◆ **DATA FOR THE TASK**
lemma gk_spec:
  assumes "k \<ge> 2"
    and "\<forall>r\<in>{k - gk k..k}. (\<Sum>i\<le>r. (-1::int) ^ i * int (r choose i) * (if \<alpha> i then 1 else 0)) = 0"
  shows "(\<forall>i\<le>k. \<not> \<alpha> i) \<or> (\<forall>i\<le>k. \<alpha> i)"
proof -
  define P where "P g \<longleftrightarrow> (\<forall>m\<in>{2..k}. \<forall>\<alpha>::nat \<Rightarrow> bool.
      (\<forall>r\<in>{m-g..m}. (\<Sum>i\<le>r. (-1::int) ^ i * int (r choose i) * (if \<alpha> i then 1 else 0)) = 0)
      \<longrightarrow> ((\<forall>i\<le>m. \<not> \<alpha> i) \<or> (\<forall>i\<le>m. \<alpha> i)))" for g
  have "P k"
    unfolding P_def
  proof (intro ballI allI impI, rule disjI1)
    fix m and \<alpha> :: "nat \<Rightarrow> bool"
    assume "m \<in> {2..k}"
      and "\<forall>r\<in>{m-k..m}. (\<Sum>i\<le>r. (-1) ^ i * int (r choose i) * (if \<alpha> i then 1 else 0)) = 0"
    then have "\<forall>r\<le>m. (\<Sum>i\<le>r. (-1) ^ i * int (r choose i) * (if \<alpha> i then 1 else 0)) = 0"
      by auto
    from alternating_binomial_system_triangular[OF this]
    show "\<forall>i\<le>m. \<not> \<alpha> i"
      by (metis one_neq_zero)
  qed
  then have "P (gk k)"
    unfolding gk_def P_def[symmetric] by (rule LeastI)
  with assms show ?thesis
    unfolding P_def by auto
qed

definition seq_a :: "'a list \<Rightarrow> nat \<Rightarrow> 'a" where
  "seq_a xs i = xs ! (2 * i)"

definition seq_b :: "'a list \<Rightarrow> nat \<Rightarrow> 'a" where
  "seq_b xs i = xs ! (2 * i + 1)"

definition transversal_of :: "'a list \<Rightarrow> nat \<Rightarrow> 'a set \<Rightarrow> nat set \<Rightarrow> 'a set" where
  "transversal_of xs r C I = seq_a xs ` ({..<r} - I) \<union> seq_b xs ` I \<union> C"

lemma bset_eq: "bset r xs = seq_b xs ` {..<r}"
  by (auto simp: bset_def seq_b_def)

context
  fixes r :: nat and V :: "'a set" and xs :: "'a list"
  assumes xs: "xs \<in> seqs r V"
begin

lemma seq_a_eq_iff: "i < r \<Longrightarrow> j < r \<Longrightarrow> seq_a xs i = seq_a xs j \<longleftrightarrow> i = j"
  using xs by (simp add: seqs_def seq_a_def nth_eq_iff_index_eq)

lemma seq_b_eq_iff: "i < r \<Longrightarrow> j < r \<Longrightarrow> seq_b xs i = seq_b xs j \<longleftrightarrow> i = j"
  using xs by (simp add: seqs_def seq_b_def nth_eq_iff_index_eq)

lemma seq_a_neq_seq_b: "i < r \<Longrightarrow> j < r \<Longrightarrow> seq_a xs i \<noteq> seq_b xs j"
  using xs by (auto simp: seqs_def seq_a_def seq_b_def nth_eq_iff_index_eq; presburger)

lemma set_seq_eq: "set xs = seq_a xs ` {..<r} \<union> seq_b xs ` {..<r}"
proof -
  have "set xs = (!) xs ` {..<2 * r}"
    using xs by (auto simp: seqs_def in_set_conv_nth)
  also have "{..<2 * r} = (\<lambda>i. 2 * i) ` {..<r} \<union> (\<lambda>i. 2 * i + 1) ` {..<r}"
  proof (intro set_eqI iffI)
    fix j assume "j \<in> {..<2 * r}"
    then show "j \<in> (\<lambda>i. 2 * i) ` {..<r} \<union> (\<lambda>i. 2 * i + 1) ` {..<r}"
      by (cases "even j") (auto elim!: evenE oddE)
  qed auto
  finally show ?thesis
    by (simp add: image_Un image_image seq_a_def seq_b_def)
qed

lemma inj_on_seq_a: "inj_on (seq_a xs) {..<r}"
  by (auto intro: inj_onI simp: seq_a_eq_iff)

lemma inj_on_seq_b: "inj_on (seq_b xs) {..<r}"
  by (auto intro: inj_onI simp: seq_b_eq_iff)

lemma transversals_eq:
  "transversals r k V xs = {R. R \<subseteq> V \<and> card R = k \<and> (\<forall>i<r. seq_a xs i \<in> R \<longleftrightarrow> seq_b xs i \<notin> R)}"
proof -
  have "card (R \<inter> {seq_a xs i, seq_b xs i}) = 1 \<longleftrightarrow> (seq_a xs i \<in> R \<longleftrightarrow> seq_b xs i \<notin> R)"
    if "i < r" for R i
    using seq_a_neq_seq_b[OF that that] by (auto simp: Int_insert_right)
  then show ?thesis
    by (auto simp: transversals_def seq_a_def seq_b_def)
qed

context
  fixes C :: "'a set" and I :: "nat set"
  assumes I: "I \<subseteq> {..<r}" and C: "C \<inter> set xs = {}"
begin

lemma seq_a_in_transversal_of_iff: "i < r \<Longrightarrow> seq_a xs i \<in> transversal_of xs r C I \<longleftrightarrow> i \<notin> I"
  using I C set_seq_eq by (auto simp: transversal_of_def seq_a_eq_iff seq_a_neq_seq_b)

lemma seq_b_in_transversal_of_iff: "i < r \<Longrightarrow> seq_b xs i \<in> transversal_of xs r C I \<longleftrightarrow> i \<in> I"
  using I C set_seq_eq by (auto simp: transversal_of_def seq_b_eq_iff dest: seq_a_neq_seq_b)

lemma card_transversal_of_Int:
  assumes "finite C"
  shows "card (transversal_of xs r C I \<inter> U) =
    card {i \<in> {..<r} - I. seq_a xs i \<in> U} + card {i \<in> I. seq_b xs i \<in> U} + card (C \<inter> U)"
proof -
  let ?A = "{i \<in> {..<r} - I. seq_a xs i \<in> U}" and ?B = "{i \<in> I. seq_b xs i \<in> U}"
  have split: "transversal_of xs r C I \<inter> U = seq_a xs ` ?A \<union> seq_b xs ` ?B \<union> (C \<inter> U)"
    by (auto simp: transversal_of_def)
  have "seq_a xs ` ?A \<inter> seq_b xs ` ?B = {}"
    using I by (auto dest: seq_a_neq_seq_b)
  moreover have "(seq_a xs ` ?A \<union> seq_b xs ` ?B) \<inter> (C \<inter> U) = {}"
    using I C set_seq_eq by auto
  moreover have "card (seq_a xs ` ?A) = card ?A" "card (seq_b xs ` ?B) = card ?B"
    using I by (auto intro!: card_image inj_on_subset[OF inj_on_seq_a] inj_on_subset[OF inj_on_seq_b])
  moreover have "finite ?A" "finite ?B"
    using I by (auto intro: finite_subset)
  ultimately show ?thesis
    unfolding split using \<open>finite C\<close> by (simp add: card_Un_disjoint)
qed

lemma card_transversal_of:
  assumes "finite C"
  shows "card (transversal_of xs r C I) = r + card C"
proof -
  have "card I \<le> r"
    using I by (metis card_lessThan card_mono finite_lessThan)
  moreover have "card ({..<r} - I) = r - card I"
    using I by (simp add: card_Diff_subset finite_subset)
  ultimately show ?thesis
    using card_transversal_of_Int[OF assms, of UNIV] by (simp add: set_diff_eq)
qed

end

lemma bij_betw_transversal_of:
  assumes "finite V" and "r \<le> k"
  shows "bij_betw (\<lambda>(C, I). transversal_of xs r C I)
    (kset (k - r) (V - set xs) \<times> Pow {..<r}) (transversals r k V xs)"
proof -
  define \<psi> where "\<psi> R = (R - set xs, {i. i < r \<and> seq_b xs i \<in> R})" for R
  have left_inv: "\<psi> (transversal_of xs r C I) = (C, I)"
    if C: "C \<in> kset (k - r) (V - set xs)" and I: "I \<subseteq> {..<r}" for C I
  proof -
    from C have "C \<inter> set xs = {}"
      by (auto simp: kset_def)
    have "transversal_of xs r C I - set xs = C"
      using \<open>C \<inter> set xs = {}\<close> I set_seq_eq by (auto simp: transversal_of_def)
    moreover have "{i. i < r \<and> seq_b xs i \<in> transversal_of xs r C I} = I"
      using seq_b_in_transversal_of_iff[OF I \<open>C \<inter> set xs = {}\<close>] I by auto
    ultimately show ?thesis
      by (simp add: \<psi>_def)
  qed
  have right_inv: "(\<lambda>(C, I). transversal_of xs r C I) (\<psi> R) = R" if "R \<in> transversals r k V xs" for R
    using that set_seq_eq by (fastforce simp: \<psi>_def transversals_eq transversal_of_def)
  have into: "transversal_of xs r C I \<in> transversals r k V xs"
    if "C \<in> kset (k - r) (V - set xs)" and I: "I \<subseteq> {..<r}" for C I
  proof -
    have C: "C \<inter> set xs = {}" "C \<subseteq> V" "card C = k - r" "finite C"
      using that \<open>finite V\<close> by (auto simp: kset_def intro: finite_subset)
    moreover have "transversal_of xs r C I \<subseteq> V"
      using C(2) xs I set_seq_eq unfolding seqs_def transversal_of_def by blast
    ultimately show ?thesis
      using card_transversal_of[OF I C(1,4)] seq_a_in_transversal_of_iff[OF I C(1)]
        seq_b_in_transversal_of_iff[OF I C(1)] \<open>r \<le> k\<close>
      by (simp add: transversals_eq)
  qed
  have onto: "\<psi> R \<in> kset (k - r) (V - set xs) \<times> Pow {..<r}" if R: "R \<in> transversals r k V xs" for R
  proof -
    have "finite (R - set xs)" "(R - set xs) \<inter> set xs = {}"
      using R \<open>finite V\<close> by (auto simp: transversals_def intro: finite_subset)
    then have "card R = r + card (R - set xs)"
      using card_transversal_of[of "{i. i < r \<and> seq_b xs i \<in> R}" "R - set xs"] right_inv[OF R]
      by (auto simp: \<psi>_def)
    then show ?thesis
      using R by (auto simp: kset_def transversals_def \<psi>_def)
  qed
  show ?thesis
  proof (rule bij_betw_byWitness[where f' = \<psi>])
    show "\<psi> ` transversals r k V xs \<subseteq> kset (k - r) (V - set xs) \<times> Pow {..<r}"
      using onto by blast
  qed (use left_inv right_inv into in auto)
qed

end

==

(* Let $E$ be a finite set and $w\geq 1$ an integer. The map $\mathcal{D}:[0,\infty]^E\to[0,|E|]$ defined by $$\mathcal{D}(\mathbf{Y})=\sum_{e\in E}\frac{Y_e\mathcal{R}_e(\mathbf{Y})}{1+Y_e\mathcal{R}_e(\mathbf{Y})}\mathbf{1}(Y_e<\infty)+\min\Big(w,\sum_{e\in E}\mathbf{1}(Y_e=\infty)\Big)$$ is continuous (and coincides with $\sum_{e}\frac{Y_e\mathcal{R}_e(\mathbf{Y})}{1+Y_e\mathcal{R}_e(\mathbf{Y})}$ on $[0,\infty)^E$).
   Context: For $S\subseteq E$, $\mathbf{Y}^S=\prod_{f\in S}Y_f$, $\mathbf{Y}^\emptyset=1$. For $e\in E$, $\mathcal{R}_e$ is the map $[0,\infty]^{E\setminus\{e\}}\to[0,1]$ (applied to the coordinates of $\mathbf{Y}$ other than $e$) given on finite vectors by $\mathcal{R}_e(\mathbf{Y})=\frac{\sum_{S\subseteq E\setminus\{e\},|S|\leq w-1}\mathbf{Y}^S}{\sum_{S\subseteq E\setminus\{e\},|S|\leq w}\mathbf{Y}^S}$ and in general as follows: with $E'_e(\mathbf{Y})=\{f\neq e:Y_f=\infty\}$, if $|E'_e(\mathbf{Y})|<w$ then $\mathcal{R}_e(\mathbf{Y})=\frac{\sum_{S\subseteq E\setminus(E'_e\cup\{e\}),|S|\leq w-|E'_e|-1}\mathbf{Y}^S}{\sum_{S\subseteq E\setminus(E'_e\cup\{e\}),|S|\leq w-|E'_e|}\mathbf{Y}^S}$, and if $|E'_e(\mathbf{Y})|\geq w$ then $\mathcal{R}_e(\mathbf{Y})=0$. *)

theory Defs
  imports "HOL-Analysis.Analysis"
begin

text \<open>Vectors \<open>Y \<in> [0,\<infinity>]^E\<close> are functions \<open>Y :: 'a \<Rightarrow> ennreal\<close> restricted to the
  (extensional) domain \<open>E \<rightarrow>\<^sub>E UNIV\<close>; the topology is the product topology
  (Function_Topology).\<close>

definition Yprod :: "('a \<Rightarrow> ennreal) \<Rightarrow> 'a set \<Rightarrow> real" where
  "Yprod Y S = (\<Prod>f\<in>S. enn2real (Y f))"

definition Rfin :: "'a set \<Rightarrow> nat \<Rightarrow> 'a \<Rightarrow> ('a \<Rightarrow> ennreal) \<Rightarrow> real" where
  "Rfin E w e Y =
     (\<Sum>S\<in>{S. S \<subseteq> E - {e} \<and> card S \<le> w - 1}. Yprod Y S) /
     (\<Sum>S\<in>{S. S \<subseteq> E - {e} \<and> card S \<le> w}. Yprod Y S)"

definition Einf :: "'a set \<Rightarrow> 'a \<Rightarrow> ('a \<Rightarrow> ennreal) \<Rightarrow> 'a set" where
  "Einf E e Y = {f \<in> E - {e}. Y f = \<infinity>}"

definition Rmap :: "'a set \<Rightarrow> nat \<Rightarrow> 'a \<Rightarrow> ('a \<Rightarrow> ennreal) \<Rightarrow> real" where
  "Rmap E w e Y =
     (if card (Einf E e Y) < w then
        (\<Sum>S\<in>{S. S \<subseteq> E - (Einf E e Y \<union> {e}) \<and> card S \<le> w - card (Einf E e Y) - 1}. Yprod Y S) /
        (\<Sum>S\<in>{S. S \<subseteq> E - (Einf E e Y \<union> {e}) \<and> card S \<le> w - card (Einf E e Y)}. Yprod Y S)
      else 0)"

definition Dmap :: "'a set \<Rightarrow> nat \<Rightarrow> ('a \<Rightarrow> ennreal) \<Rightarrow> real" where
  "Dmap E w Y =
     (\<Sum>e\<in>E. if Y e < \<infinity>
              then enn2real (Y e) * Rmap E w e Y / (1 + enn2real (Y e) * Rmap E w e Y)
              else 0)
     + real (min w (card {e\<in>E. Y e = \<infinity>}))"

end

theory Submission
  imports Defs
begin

◆ **WHAT THE EXERCISE ASKS**
From the line holding "C I) (\<psi>" to the line holding "using that set_seq_eq", inclusive, restate each line above exactly as written.

◆ **WRITTEN SOLUTION**
  have right_inv: "(\<lambda>(C, I). transversal_of xs r C I) (\<psi> R) = R" if "R \<in> transversals r k V xs" for R
    using that set_seq_eq by (fastforce simp: \<psi>_def transversals_eq transversal_of_def)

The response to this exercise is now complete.